══ DATA FOR REVIEW ══

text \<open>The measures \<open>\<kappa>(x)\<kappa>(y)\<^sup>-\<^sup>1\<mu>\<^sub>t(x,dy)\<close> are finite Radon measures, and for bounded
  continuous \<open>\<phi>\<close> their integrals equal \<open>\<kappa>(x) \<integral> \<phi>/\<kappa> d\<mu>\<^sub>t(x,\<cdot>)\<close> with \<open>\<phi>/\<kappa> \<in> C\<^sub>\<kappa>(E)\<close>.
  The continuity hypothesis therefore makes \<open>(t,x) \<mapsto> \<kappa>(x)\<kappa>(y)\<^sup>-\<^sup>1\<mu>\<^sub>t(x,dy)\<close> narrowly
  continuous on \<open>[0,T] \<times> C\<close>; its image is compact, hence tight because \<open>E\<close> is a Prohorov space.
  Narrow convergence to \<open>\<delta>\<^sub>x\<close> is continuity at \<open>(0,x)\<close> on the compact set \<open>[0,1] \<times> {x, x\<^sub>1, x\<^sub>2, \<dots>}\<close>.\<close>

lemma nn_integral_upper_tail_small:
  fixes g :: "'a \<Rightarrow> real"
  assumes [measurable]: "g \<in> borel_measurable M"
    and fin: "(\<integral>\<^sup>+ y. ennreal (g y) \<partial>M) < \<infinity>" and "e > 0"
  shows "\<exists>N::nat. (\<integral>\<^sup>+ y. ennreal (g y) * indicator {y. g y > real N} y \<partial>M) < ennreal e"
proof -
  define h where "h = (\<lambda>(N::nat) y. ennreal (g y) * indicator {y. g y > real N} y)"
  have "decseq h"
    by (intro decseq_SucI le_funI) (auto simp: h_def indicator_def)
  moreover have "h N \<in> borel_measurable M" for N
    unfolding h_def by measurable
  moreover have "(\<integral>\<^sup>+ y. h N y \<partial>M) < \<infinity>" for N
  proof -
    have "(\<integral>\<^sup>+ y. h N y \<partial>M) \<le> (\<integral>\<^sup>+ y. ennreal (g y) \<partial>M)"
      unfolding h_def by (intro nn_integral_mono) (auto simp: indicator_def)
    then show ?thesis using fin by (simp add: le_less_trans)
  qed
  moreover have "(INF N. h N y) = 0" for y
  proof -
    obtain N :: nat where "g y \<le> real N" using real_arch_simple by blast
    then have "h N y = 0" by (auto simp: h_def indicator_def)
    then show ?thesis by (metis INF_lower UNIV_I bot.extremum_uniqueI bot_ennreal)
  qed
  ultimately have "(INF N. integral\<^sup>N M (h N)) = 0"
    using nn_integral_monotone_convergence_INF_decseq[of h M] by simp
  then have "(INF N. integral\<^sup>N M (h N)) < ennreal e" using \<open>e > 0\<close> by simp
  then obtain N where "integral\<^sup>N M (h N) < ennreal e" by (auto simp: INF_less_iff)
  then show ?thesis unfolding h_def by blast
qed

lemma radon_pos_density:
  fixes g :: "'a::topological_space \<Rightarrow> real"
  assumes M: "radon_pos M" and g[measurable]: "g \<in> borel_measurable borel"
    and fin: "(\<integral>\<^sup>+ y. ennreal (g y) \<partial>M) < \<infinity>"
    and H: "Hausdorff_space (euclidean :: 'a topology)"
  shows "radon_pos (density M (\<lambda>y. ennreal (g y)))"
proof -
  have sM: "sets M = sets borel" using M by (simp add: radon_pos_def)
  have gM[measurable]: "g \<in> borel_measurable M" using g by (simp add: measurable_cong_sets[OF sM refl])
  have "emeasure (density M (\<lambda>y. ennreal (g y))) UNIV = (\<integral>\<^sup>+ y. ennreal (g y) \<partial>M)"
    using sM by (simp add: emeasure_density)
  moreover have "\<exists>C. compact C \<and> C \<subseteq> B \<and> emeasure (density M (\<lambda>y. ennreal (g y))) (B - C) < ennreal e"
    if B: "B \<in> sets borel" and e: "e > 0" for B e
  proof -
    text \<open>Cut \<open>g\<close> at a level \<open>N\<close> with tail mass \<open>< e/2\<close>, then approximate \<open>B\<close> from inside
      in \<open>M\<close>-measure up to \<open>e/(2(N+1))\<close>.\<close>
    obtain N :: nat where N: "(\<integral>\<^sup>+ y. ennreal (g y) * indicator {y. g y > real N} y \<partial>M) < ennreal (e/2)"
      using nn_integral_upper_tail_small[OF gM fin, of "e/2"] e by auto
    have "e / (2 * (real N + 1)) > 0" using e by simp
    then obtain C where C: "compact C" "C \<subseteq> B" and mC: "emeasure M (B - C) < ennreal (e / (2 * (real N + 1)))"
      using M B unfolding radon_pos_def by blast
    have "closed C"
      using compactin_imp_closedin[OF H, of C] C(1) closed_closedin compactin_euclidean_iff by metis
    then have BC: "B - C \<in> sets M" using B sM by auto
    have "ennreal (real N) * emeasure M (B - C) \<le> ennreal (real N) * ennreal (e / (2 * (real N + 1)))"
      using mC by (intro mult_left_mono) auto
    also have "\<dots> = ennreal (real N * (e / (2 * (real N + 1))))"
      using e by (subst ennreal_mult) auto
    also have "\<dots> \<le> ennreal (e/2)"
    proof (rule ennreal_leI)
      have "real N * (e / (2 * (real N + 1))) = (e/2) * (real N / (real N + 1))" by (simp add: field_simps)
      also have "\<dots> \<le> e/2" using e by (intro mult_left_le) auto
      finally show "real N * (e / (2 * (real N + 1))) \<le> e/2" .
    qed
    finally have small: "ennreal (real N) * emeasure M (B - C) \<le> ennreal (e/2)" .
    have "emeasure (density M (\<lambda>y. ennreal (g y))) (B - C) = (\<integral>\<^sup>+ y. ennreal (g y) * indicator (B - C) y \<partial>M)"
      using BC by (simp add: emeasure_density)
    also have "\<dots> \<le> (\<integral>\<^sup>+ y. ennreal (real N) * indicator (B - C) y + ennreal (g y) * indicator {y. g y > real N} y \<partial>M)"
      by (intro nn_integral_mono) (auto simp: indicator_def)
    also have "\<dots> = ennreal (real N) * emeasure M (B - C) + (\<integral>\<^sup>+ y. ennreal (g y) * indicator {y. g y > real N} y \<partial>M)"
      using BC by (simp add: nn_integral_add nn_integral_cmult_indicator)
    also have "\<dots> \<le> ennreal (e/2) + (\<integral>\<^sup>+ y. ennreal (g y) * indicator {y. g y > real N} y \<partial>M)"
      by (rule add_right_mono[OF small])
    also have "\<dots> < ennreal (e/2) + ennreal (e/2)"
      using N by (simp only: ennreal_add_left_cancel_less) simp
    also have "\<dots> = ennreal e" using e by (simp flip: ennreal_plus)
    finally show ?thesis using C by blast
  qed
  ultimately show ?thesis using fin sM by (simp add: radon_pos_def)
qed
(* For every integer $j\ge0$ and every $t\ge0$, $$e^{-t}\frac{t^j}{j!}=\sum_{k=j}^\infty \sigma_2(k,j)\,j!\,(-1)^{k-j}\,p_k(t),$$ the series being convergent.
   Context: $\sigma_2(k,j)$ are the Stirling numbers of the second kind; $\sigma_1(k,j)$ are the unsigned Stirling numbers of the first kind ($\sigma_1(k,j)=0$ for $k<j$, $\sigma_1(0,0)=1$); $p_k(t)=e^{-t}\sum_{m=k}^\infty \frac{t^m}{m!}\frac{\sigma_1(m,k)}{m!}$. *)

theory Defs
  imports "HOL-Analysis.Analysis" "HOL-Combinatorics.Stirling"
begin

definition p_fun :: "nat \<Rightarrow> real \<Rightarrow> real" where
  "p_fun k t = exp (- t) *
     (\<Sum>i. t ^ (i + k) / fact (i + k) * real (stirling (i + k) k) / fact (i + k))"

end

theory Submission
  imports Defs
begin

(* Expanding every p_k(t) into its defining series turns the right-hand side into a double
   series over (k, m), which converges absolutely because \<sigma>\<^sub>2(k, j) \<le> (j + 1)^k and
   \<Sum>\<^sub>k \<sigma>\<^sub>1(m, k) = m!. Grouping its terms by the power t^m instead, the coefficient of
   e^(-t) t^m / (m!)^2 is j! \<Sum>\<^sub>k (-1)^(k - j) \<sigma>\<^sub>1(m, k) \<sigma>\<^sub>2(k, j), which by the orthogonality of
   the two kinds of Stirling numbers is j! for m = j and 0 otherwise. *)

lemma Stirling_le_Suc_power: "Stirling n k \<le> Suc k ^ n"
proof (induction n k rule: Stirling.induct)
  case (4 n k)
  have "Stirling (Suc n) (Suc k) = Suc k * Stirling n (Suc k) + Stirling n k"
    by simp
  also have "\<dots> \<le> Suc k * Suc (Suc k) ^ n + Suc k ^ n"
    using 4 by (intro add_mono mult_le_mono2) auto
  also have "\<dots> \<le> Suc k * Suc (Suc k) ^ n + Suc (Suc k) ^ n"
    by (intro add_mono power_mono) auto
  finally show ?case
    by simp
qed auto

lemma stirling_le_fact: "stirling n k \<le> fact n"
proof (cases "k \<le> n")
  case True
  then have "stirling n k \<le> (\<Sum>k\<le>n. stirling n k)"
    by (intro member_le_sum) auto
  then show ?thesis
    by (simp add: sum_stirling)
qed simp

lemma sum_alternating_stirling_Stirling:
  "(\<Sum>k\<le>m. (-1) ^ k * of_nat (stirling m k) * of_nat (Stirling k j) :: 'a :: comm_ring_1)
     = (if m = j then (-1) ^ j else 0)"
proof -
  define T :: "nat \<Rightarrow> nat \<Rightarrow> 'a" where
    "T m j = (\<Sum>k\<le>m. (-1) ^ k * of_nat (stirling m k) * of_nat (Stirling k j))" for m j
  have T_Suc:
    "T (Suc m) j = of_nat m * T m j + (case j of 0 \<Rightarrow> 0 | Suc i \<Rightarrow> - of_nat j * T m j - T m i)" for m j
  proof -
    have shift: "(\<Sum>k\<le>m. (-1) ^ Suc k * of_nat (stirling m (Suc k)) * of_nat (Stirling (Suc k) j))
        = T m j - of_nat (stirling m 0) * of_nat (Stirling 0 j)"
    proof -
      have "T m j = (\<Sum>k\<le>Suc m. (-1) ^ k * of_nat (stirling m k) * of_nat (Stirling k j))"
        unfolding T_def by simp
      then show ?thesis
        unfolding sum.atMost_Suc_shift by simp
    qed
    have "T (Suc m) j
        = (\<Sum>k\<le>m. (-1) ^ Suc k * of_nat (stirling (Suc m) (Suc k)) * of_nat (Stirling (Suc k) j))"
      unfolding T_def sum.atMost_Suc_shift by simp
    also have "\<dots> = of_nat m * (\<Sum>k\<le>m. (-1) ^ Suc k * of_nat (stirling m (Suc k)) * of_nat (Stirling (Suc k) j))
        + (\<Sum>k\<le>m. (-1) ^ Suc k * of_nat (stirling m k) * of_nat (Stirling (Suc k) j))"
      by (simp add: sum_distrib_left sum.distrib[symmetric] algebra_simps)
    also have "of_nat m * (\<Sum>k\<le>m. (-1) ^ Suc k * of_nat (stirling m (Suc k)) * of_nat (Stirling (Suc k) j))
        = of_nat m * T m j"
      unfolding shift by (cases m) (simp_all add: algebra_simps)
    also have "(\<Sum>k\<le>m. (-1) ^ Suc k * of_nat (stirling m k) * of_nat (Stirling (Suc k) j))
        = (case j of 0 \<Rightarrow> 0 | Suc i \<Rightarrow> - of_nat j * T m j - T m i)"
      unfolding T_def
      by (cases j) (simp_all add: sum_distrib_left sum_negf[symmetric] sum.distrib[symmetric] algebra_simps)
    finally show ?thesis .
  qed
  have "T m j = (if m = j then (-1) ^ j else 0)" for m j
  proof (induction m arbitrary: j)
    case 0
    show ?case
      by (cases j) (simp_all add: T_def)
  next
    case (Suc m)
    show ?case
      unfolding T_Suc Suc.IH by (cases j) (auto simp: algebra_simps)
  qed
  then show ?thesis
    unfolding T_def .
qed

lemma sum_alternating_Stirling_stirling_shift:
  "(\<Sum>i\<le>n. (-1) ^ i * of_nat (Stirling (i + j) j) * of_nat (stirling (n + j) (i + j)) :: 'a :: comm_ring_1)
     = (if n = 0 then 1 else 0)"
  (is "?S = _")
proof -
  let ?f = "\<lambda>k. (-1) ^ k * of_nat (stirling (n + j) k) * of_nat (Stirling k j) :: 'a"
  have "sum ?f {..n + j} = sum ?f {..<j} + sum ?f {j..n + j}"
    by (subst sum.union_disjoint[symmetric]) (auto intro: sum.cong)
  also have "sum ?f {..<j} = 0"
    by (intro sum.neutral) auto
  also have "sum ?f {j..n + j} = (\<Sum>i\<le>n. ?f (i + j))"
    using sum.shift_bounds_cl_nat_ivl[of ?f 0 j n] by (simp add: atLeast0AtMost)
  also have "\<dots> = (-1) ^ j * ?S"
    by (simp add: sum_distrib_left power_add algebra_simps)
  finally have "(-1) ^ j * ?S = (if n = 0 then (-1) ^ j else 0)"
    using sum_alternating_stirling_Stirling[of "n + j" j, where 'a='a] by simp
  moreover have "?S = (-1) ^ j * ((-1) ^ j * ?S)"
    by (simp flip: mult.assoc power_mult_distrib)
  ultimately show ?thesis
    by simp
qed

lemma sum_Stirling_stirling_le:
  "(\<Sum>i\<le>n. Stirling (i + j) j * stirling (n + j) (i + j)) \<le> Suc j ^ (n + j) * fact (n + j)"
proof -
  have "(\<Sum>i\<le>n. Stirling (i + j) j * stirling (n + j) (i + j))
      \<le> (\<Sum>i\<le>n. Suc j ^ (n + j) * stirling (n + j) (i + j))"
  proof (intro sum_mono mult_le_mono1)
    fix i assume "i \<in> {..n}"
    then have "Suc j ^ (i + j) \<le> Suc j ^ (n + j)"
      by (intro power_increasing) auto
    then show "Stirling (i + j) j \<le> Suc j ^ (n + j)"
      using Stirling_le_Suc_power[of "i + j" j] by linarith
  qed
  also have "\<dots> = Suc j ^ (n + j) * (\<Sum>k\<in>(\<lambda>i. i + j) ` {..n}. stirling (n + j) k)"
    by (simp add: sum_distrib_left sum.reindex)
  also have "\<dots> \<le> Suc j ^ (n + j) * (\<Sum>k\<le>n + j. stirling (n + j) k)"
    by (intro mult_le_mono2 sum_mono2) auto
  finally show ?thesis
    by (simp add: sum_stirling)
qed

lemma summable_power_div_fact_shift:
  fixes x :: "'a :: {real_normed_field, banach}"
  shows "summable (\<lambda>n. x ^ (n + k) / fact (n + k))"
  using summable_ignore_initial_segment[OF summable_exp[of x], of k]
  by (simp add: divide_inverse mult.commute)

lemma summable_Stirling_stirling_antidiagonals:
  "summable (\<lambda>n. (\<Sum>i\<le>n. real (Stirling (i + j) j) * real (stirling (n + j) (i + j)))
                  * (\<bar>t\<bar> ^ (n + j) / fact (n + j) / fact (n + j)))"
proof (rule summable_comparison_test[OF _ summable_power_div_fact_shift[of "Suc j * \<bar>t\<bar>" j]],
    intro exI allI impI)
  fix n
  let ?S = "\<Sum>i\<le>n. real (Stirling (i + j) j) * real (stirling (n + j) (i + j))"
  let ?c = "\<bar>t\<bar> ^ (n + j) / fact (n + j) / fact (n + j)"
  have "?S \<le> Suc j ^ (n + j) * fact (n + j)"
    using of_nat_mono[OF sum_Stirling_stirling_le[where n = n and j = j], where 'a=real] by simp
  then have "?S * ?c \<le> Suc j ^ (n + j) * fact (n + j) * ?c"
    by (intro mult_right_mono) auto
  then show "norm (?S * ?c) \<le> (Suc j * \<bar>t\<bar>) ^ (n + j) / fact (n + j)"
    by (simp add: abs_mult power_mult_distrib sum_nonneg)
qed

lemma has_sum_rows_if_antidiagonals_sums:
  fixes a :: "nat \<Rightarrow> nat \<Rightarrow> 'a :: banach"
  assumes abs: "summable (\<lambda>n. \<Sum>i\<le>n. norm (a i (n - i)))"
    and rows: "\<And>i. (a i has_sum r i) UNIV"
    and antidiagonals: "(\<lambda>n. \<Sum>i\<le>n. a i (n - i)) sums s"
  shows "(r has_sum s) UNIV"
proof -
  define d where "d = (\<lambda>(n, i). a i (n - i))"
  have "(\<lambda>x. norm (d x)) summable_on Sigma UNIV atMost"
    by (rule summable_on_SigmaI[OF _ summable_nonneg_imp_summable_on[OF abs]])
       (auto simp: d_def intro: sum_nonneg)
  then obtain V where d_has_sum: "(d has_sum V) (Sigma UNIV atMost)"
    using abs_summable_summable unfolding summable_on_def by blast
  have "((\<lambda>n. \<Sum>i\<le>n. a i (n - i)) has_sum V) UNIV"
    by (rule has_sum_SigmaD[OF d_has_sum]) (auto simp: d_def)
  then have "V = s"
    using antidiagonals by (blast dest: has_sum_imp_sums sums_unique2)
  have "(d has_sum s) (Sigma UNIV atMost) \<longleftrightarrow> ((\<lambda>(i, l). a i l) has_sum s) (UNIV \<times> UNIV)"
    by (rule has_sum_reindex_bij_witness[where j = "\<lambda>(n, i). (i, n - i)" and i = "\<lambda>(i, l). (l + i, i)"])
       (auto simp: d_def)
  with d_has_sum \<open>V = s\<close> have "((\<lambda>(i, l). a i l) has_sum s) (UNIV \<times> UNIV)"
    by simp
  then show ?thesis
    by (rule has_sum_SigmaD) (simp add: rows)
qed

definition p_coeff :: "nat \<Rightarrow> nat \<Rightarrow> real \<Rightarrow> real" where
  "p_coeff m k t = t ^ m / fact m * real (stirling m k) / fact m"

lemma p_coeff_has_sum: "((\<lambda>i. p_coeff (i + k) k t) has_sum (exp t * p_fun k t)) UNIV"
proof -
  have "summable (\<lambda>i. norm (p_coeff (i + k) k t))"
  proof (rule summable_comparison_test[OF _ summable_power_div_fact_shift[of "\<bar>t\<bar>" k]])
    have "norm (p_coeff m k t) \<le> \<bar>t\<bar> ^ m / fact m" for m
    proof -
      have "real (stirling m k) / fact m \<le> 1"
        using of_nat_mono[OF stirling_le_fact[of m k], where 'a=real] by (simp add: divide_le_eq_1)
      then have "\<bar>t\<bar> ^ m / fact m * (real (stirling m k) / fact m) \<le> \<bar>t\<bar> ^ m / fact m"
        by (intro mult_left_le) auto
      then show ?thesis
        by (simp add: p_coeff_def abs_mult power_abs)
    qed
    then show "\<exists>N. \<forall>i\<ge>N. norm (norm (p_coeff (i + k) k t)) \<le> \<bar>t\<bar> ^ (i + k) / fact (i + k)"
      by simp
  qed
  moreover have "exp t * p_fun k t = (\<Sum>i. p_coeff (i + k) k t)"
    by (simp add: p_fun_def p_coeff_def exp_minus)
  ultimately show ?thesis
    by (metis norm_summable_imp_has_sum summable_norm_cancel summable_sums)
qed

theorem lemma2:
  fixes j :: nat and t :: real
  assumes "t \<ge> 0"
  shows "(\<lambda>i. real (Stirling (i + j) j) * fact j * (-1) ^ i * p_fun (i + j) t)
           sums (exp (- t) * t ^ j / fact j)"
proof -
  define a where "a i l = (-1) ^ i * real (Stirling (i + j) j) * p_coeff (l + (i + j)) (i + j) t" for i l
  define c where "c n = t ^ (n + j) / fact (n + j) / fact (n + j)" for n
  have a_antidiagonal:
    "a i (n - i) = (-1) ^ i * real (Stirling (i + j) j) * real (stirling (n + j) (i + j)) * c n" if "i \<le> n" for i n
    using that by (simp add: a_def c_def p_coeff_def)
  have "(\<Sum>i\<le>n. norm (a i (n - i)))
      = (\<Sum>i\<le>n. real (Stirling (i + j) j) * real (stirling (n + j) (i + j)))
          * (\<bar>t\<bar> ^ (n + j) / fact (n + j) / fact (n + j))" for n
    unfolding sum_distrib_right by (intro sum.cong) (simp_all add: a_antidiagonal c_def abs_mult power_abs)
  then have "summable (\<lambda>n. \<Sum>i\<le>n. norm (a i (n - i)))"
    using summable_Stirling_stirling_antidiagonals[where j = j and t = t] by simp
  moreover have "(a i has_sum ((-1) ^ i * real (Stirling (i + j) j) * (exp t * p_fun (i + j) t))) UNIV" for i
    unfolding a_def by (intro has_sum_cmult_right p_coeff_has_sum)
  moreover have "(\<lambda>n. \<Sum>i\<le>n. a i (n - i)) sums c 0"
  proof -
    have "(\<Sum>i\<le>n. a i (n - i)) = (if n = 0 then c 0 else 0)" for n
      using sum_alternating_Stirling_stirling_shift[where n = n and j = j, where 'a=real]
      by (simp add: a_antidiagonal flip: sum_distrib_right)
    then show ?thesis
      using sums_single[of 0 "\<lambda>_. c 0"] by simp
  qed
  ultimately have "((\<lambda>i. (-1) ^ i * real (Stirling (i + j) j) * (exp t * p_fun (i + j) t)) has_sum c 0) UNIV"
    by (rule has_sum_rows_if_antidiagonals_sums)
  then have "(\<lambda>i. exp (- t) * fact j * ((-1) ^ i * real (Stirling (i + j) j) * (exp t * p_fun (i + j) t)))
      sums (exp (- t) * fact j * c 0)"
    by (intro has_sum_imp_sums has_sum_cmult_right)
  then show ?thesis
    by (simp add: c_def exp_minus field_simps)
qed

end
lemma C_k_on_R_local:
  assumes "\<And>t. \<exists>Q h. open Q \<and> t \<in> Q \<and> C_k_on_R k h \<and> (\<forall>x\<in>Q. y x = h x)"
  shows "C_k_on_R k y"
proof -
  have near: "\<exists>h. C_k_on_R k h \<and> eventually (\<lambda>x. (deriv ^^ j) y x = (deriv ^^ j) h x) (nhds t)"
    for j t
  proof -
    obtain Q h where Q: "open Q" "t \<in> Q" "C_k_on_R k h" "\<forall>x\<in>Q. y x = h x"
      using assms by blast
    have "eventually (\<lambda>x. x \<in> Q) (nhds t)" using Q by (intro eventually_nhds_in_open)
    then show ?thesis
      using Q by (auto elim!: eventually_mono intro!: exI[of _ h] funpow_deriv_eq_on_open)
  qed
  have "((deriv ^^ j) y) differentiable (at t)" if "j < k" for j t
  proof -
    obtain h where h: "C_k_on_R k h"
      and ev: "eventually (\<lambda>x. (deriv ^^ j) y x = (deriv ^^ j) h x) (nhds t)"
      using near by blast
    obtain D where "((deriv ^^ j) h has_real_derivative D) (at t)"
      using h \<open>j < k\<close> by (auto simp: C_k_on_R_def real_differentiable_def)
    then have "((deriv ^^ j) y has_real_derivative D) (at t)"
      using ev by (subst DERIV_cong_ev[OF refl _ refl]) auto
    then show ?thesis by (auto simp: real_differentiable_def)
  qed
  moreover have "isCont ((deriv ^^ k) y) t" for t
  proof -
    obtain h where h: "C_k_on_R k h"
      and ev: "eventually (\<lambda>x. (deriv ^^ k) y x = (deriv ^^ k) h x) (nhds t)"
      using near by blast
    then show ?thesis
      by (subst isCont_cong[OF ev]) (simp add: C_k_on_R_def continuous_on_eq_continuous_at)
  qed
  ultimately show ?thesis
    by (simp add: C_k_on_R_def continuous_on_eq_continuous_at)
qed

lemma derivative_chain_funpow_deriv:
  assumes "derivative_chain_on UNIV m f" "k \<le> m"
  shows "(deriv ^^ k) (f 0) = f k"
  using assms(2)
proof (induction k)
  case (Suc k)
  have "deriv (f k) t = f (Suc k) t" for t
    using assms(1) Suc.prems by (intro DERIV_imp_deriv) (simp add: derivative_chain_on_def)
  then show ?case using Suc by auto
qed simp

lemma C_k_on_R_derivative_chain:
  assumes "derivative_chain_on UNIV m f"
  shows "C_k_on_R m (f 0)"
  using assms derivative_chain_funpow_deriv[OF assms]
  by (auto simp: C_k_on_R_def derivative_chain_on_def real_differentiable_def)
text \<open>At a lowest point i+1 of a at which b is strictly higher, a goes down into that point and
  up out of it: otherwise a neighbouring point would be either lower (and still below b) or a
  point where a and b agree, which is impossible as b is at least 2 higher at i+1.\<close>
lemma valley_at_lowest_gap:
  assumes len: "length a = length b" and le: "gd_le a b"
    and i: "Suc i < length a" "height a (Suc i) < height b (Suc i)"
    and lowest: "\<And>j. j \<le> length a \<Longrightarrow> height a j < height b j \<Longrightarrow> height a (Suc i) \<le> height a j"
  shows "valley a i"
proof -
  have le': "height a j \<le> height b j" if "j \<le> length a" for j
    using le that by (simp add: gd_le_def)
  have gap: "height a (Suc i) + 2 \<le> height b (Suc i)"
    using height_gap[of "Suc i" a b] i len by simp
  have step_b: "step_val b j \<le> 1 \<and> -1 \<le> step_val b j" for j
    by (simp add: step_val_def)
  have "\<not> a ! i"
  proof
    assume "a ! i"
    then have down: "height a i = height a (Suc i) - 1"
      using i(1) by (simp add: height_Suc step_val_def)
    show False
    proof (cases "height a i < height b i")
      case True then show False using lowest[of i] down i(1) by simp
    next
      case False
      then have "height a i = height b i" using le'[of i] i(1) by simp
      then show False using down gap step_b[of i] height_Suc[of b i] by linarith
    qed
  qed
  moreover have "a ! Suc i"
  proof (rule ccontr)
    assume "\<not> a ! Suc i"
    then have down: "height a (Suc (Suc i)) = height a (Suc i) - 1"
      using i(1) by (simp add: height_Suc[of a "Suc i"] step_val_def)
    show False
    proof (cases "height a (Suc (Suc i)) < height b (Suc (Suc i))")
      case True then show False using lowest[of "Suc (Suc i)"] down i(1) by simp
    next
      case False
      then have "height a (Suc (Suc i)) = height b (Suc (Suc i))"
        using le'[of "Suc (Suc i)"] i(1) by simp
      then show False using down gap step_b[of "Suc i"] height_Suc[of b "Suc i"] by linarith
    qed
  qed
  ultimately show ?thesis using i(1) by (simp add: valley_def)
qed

═══

-- WHAT TO DO --
From the listing above, output exactly the run of lines that starts with the line containing "by (intro mult_right_mono) auto" and ends with the line containing "by (rule has_sum_reindex_bij_witness[where".

-- WRITTEN ANSWER --
    by (intro mult_right_mono) auto
  then show "norm (?S * ?c) \<le> (Suc j * \<bar>t\<bar>) ^ (n + j) / fact (n + j)"
    by (simp add: abs_mult power_mult_distrib sum_nonneg)
qed

lemma has_sum_rows_if_antidiagonals_sums:
  fixes a :: "nat \<Rightarrow> nat \<Rightarrow> 'a :: banach"
  assumes abs: "summable (\<lambda>n. \<Sum>i\<le>n. norm (a i (n - i)))"
    and rows: "\<And>i. (a i has_sum r i) UNIV"
    and antidiagonals: "(\<lambda>n. \<Sum>i\<le>n. a i (n - i)) sums s"
  shows "(r has_sum s) UNIV"
proof -
  define d where "d = (\<lambda>(n, i). a i (n - i))"
  have "(\<lambda>x. norm (d x)) summable_on Sigma UNIV atMost"
    by (rule summable_on_SigmaI[OF _ summable_nonneg_imp_summable_on[OF abs]])
       (auto simp: d_def intro: sum_nonneg)
  then obtain V where d_has_sum: "(d has_sum V) (Sigma UNIV atMost)"
    using abs_summable_summable unfolding summable_on_def by blast
  have "((\<lambda>n. \<Sum>i\<le>n. a i (n - i)) has_sum V) UNIV"
    by (rule has_sum_SigmaD[OF d_has_sum]) (auto simp: d_def)
  then have "V = s"
    using antidiagonals by (blast dest: has_sum_imp_sums sums_unique2)
  have "(d has_sum s) (Sigma UNIV atMost) \<longleftrightarrow> ((\<lambda>(i, l). a i l) has_sum s) (UNIV \<times> UNIV)"
    by (rule has_sum_reindex_bij_witness[where j = "\<lambda>(n, i). (i, n - i)" and i = "\<lambda>(i, l). (l + i, i)"])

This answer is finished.